Bug #61849
openCeph balancer should probably run on unhealthy pool when it would make the pool healthy
0%
Description
The balancer does not run when a pool is unhealthy, see https://docs.ceph.com/en/quincy/rados/operations/balancer/#throttling
When the cluster is healthy, the balancer will [run]
This unfortunately means that a cluster can get stuck in an unhealthy state which the balancer would fix.
For example, I upgraded a cluster from a 2-machine, "osd"-failure-domain "size = 2" replication to a "host"-failure-domain "size = 3" replication.

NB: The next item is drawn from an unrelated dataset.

(* Let $w=0$ in the dynamical system described in the context. Let $(\Sigma_+,\Sigma_A,\Sigma_B,\Sigma_C,v_{(1)},v_{(2)},\Omega_{(1)},\Omega_{(2)})(\tau)$ be a solution defined for all $\tau\ge\tau_0$ which at $\tau_0$ lies in the interior state space, i.e. $\Omega_{(1)}\Omega_{(2)}>0$ and $0<v_{(i)}^2<1$ for $i=1,2$, and satisfies the constraints. Then as $\tau\to+\infty$: $q\to \tfrac12$, $\Omega_{(1)}+\Omega_{(2)}\to 1$, $\Sigma_+,\Sigma_A,\Sigma_B,\Sigma_C\to 0$ and $v_{(1)},v_{(2)}\to 0$; i.e. the solution approaches the line of flat Friedmann–Lemaître fixed points $\Sigma_\pm=\Sigma_A=\Sigma_B=\Sigma_C=0$, $v_{(1)}=v_{(2)}=0$, $\Omega_{(1)}+\Omega_{(2)}=1$.
   Context: Fix a constant $w\in[0,1)$ (the common equation of state parameter of two perfect fluids, $p_{(i)}=w\rho_{(i)}$). The state variables are real functions of a time $\tau$: $\Sigma_+,\Sigma_A,\Sigma_B,\Sigma_C,v_{(1)},v_{(2)},\Omega_{(1)},\Omega_{(2)}$, with $'$ denoting $d/d\tau$. Define $\Sigma^2=\Sigma_+^2+\Sigma_A^2+\Sigma_B^2+\Sigma_C^2$, $G^{(i)}_\pm=1\pm w v_{(i)}^2$, $Q_{(i)}=(1+w)(G^{(i)}_+)^{-1}v_{(i)}\Omega_{(i)}$, $P_{(i)}=w\Omega_{(i)}+\tfrac13(1-3w)Q_{(i)}v_{(i)}$, $\Omega_m=\Omega_{(1)}+\Omega_{(2)}$, $P_m=P_{(1)}+P_{(2)}$, and $q=2\Sigma^2+\tfrac12(\Omega_m+3P_m)$. The evolution equations are $\Sigma_+'=-(2-q)\Sigma_++3\Sigma_A^2-Q_{(1)}v_{(1)}-Q_{(2)}v_{(2)}$, $\Sigma_A'=-(2-q+3\Sigma_++\sqrt3\Sigma_B)\Sigma_A$, $\Sigma_B'=-(2-q)\Sigma_B+\sqrt3\Sigma_A^2-2\sqrt3\Sigma_C^2$, $\Sigma_C'=-(2-q-2\sqrt3\Sigma_B)\Sigma_C$, $v_{(i)}'=(G^{(i)}_-)^{-1}(1-v_{(i)}^2)(3w-1+2\Sigma_+)v_{(i)}$, $\Omega_{(i)}'=(2q-1-3w)\Omega_{(i)}+(3w-1+2\Sigma_+)Q_{(i)}v_{(i)}$, for $i=1,2$, subject to the constraints $1-\Sigma^2-\Omega_{(1)}-\Omega_{(2)}=0$ and $Q_{(1)}+Q_{(2)}=0$, with $\Omega_{(i)}\ge0$, $v_{(i)}^2\le 1$. (This describes Bianchi type I cosmologies with two tilted perfect fluids, in expansion-normalized variables.) *)

theory Defs
  imports "HOL-Analysis.Analysis"
begin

Let's say the old machines are "node-1", "node-2", and "node-3" was added
The above change means it had to move a lot of PGs, including some from node-1 to node-2 (because before the "osd"-failure-domain allowed a PG is to be on 2 OSDs on the same host).
It got stuck in this state, with "Low space hindering backfill", on my Ceph 16.2.7:
cluster: id: 067f0bf9-893c-4b23-a27c-56e8685e9d5c health: HEALTH_WARN 3 nearfull osd(s) Low space hindering backfill (add storage if this doesn't resolve itself): 10 pgs backfill_toofull Degraded data redundancy: 1390436/239568771 objects degraded (0.580%), 10 pgs degraded, 10 pgs undersized 1 pool(s) nearfull services: mon: 3 daemons, quorum node-2,node-3,node-1 (age 5d) mgr: node-1(active, since 5d), standbys: node-2, node-3 mds: 1/1 daemons up, 2 standby osd: 36 osds: 36 up (since 5d), 36 in (since 10d); 10 remapped pgs data: volumes: 1/1 healthy pools: 4 pools, 641 pgs objects: 79.87M objects, 114 TiB usage: 343 TiB used, 96 TiB / 439 TiB avail pgs: 1390436/239568771 objects degraded (0.580%) 1265017/239568771 objects misplaced (0.528%) 631 active+clean 10 active+undersized+degraded+remapped+backfill_toofull
I believe the "10 pgs backfill_toofull" is because the due to the unbalancedness of the cluster, the PG moves from node-1 to node-2 were impossible.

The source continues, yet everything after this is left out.